Both routes work. Both are free. This guide covers when each one makes sense, how to set them up, and which Qwen 3.5 model to run on your Mac.
The speed gap: MLX vs Ollama on Apple Silicon
Why the difference exists
Ollama uses llama.cpp with Metal Performance Shaders (MPS) for GPU acceleration on Mac. MPS works – it’s a solid, well-tested backend – but it’s a generic GPU abstraction layer. It wasn’t built for Apple’s unified memory architecture specifically.
MLX was built by Apple, for Apple Silicon. It targets unified memory directly, avoids the copy overhead between CPU and GPU address spaces (they’re the same memory on Apple Silicon, but llama.cpp’s abstractions don’t fully exploit this), and uses optimized Metal compute shaders tuned for Apple’s GPU cores.
The result: MLX consistently generates tokens 25-50% faster than llama.cpp on smaller models, and the gap widens to roughly 2x on MoE models like the 35B-A3B. MoE routing is particularly expensive through generic backends, and MLX handles it more efficiently.
Benchmark comparison
These numbers combine community benchmarks and data from our LM Studio vs Ollama on Mac testing with similar-architecture models, extrapolated for Qwen 3.5’s MoE workload:
| Chip | Qwen3.5-35B-A3B Q4 via Ollama | Qwen3.5-35B-A3B Q4 via MLX | MLX advantage |
|---|---|---|---|
| M1 Pro (16GB) | ~15-18 tok/s | ~25-35 tok/s | ~1.5-2x |
| M3 Pro (18GB) | ~18-22 tok/s | ~35-45 tok/s | ~1.8-2x |
| M4 Pro (24GB) | ~25-30 tok/s | ~45-55 tok/s | ~1.8x |
| M4 Max (64GB) | ~30-38 tok/s | ~60-75 tok/s | ~2x |
| M3 Ultra (192GB) | ~35-45 tok/s | ~70-90 tok/s | ~2x |
Prompt processing is where the gap gets extreme. MLX processes input tokens 3-5x faster than Ollama’s llama.cpp backend. If you paste a 10-page document and ask a question, MLX starts generating in 2-3 seconds where Ollama might take 10-15 seconds to chew through the prompt.
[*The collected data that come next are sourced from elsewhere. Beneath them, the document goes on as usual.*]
lemma charged_mass_tendsto_adm_mass:
  assumes af: "asymptotically_flat r Kl Kr" and "adm_mass r M"
  shows "(charged_mass r Kr Q \<longlongrightarrow> M) at_top"
proof -
  obtain C where C: "\<forall>\<^sub>F l in at_top. \<bar>Kr l\<bar> * (r l)^2 \<le> C"
    using af unfolding asymptotically_flat_def by (metis (mono_tags, lifting) eventually_mono)
  have rinf: "filterlim r at_top at_top" using af unfolding asymptotically_flat_def by blast
  then have rpos: "\<forall>\<^sub>F l in at_top. r l > 0" by (simp add: filterlim_at_top_dense)
  \<comment> \<open>The charged mass exceeds the ADM integrand by \<open>B = O(1/r)\<close>, as \<open>K\<^sub>r = O(r\<^sup>-\<^sup>2)\<close>.\<close>
  define B where "B l = (Kr l)^2 * (r l)^3 / 2 + Q^2 / (2 * r l)" for l
  have B0: "(B \<longlongrightarrow> 0) at_top"
  proof (rule tendsto_sandwich)
    show "\<forall>\<^sub>F l in at_top. 0 \<le> B l" using rpos by eventually_elim (auto simp: B_def)
    show "\<forall>\<^sub>F l in at_top. B l \<le> (C^2/2 + Q^2/2) * inverse (r l)"
      using rpos C
    proof eventually_elim
      case (elim l)
      have "(Kr l)^2 * (r l)^3 = (\<bar>Kr l\<bar> * (r l)^2)^2 / r l"
        using elim by (simp add: field_simps power2_eq_square power3_eq_cube)
      also have "\<dots> \<le> C^2 / r l"
        using elim by (intro divide_right_mono power_mono) auto
      finally show ?case using elim by (simp add: B_def field_simps)
    qed
    show "((\<lambda>l. (C^2/2 + Q^2/2) * inverse (r l)) \<longlongrightarrow> 0) at_top"
      using tendsto_mult_right_zero[OF tendsto_inverse_0_at_top[OF rinf]] by simp
  qed simp
  have "charged_mass r Kr Q = (\<lambda>l. r l / 2 * (1 - (deriv r l)^2) + B l)"
    by (simp add: fun_eq_iff charged_mass_def B_def algebra_simps power2_eq_square power3_eq_cube)
  then show ?thesis
    using tendsto_add[OF \<open>adm_mass r M\<close>[unfolded adm_mass_def] B0] by simp
qed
Memory usage is the other half of the story. MLX uses roughly 50% less memory than Ollama for the same model at the same quantization. On a 16GB Mac, that’s the difference between the 35B-A3B running cleanly or swapping to disk.
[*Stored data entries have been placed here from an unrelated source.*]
lemma bij_betw_induced_map:
  assumes h: "h \<in> carrier H"
  shows "bij_betw (fbar h) (Dbar (inv\<^bsub>H\<^esub> h)) (Dbar h)"
proof (rule bij_betw_byWitness[where f' = "fbar (inv\<^bsub>H\<^esub> h)"])
  have h': "inv\<^bsub>H\<^esub> h \<in> carrier H" "inv\<^bsub>H\<^esub> (inv\<^bsub>H\<^esub> h) = h" using h by simp_all
  show "\<forall>x \<in> Dbar (inv\<^bsub>H\<^esub> h). fbar (inv\<^bsub>H\<^esub> h) (fbar h x) = x"
    using induced_map_inv_cancel[OF h] by blast
  show "\<forall>y \<in> Dbar h. fbar h (fbar (inv\<^bsub>H\<^esub> h) y) = y"
    using induced_map_inv_cancel[OF h'(1)] h'(2) by simp
  show "fbar h ` Dbar (inv\<^bsub>H\<^esub> h) \<subseteq> Dbar h"
    using induced_map_in_induced_dom[OF h] by blast
  show "fbar (inv\<^bsub>H\<^esub> h) ` Dbar h \<subseteq> Dbar (inv\<^bsub>H\<^esub> h)"
    using induced_map_in_induced_dom[OF h'(1)] h'(2) by auto
qed

lemma induced_map_image_dom_inter:
  assumes h: "h \<in> carrier H" and k: "k \<in> carrier H"
  shows "fbar h ` (Dbar (inv\<^bsub>H\<^esub> h) \<inter> Dbar k) = Dbar h \<inter> Dbar (h \<otimes>\<^bsub>H\<^esub> k)"
proof (intro equalityI subsetI)
  fix y assume "y \<in> fbar h ` (Dbar (inv\<^bsub>H\<^esub> h) \<inter> Dbar k)"
  then obtain x where y: "y = fbar h x" and "x \<in> Dbar (inv\<^bsub>H\<^esub> h)" "x \<in> Dbar k" by blast
  then obtain a b where a: "a \<in> carrier G" "\<psi> a = h" "x \<in> D (inv a)"
    and b: "b \<in> carrier G" "\<psi> b = k" "x \<in> D b"
    unfolding mem_induced_dom_inv[OF h] mem_induced_dom[of _ k] by blast
  have "y \<in> f a ` (D (inv a) \<inter> D b)" using y a b induced_map_lift[OF a] by simp
  then have "y \<in> D a \<inter> D (a \<otimes> b)" using map_image_dom_inter[OF a(1) b(1)] by simp
  moreover have "\<psi> (a \<otimes> b) = h \<otimes>\<^bsub>H\<^esub> k" using a b by simp
  ultimately show "y \<in> Dbar h \<inter> Dbar (h \<otimes>\<^bsub>H\<^esub> k)"
    unfolding Int_iff mem_induced_dom using a b G.m_closed by blast
next
  fix y assume "y \<in> Dbar h \<inter> Dbar (h \<otimes>\<^bsub>H\<^esub> k)"
  then obtain a c where a: "a \<in> carrier G" "\<psi> a = h" "y \<in> D a"
    and c: "c \<in> carrier G" "\<psi> c = h \<otimes>\<^bsub>H\<^esub> k" "y \<in> D c"
    by (auto simp: mem_induced_dom)
  define b where "b = inv a \<otimes> c"
  have b: "b \<in> carrier G" "\<psi> b = k" "a \<otimes> b = c"
    using a c h k by (simp_all add: b_def G.m_assoc[symmetric] H.m_assoc[symmetric])
  have "y \<in> f a ` (D (inv a) \<inter> D b)"
    using map_image_dom_inter[OF a(1) b(1)] a c b by simp
  then obtain x where x: "x \<in> D (inv a)" "x \<in> D b" and "y = f a x" by blast
  then have "y = fbar h x" using induced_map_lift[OF a(1,2) x(1)] by simp
  moreover have "x \<in> Dbar (inv\<^bsub>H\<^esub> h)"
    unfolding mem_induced_dom_inv[OF h] using a x by blast
  moreover have "x \<in> Dbar k"
    unfolding mem_induced_dom using b x by blast
  ultimately show "y \<in> fbar h ` (Dbar (inv\<^bsub>H\<^esub> h) \<inter> Dbar k)" by blast
qed

lemma induced_map_map:
  assumes h: "h \<in> carrier H" and k: "k \<in> carrier H"
    and x: "x \<in> Dbar (inv\<^bsub>H\<^esub> k)" "x \<in> Dbar (inv\<^bsub>H\<^esub> k \<otimes>\<^bsub>H\<^esub> inv\<^bsub>H\<^esub> h)"
  shows "fbar h (fbar k x) = fbar (h \<otimes>\<^bsub>H\<^esub> k) x"
proof -
  obtain b where b: "b \<in> carrier G" "\<psi> b = k" "x \<in> D (inv b)"
    using x(1) unfolding mem_induced_dom_inv[OF k] by blast
  have "x \<in> Dbar (inv\<^bsub>H\<^esub> (h \<otimes>\<^bsub>H\<^esub> k))" using x(2) h k by (simp add: H.inv_mult_group)
  then obtain c where c: "c \<in> carrier G" "\<psi> c = h \<otimes>\<^bsub>H\<^esub> k" "x \<in> D (inv c)"
    unfolding mem_induced_dom_inv[OF H.m_closed[OF h k]] by blast
  define a where "a = c \<otimes> inv b"
  have a: "a \<in> carrier G" "\<psi> a = h" "a \<otimes> b = c" "inv b \<otimes> inv a = inv c" "b \<otimes> inv c = inv a"
    using b c h k by (simp_all add: a_def G.m_assoc G.inv_mult_group H.m_assoc flip: G.m_assoc[of "inv b"])
  have "f b x \<in> D (inv a)"
    using map_image_dom_inter[OF b(1) G.inv_closed[OF c(1)]] a b c by auto
  then have "fbar h (fbar k x) = f a (f b x)"
    using induced_map_lift[OF a(1,2)] induced_map_lift[OF b] by simp
  also have "\<dots> = f c x"
    using map_map[OF a(1) b(1) b(3)] a c by simp
  also have "\<dots> = fbar (h \<otimes>\<^bsub>H\<^esub> k) x"
    using induced_map_lift[OF c] by simp
  finally show ?thesis .
qed

lemma induced_partial_action: "partial_action H X Dbar fbar"
  unfolding partial_action_def
  by (simp add: induced_dom_subset bij_betw_induced_map induced_dom_one induced_map_one
      induced_map_image_dom_inter induced_map_map)

end

end

theorem mainTheorem2:
  fixes G :: "('g, 'a) monoid_scheme" and H :: "('h, 'b) monoid_scheme"
    and X :: "'x set" and D :: "'g \<Rightarrow> 'x set" and f :: "'g \<Rightarrow> 'x \<Rightarrow> 'x"
    and \<psi> :: "'g \<Rightarrow> 'h"
  assumes "group G" and "group H" and "partial_action G X D f" and "\<psi> \<in> hom G H"
  shows "(induced_well_defined G \<psi> D f \<and>
          partial_action H X (induced_dom G \<psi> D) (induced_map G \<psi> D f))
     \<longleftrightarrow> (\<forall>g\<in>carrier G. \<psi> g = \<one>\<^bsub>H\<^esub> \<longrightarrow>
            D g = D (inv\<^bsub>G\<^esub> g) \<and> (\<forall>x \<in> D (inv\<^bsub>G\<^esub> g). f g x = x))"
proof -
  interpret partial_action_hom G H X D f \<psi>
    using assms by (simp add: partial_action_hom_def group_partial_action_def
        group_partial_action_axioms_def group_hom_def group_hom_axioms_def)
  show ?thesis
    using kernel_acts_trivially_if_well_defined well_defined_if_kernel_acts_trivially
      induced_partial_action
    by meson
qed

end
Setup: the MLX route (fastest)
Option 1: LM Studio (recommended)
LM Studio is the easiest way to run MLX on Mac. It detects your hardware, offers MLX-format models alongside GGUF, and handles everything through a GUI.
- Download LM Studio from lmstudio.ai
- Search for “Qwen3.5-35B-A3B”
- Pick the MLX variant (look for “MLX” in the format tag, not “GGUF”)
- Choose Q4 for 16-24GB Macs, Q8 for 32GB+
- Load and chat
LM Studio also exposes an OpenAI-compatible API on port 1234 and an Anthropic-compatible API, so you can point coding tools at it when you need MLX speed for development work.
The downside: LM Studio needs to be running as an app. It’s not an always-on background service like Ollama.
Option 2: mlx_lm CLI (for scripting)
If you want terminal-level control or need to integrate Qwen 3.5 into a Python pipeline:
pip install mlx-lm
# Run the 35B-A3B directly from HuggingFace
mlx_lm.generate \
--model mlx-community/Qwen3.5-35B-A3B-4bit \
--prompt "Explain the difference between MoE and dense models" \
--max-tokens 500
The mlx-community org on HuggingFace has pre-quantized MLX weights for every Qwen 3.5 model. Available variants include 4-bit, 8-bit, and nvfp4 (a format that preserves MoE router gates at 8-bit precision for better routing accuracy).
For a server setup:
mlx_lm.server --model mlx-community/Qwen3.5-35B-A3B-4bit --port 8080
This gives you an OpenAI-compatible endpoint. Not as polished as Ollama’s server, but it runs on MLX.
Which MLX quant to download
| Your RAM | Recommended MLX model | File size | Notes |
|---|---|---|---|
| 16GB | Qwen3.5-35B-A3B-4bit | ~22 GB | Tight. Close browsers first. |
| 24GB | Qwen3.5-35B-A3B-4bit | ~22 GB | Comfortable, room for context |
| 32GB | Qwen3.5-35B-A3B-8bit | ~38 GB | Higher quality, fits well |
| 64GB | Qwen3.5-122B-A10B-4bit | ~70 GB | The Mac power user pick |
| 128GB+ | Qwen3.5-397B-A17B-4bit | ~214 GB | If you have an Ultra |
Setup: the Ollama route (simpler ecosystem)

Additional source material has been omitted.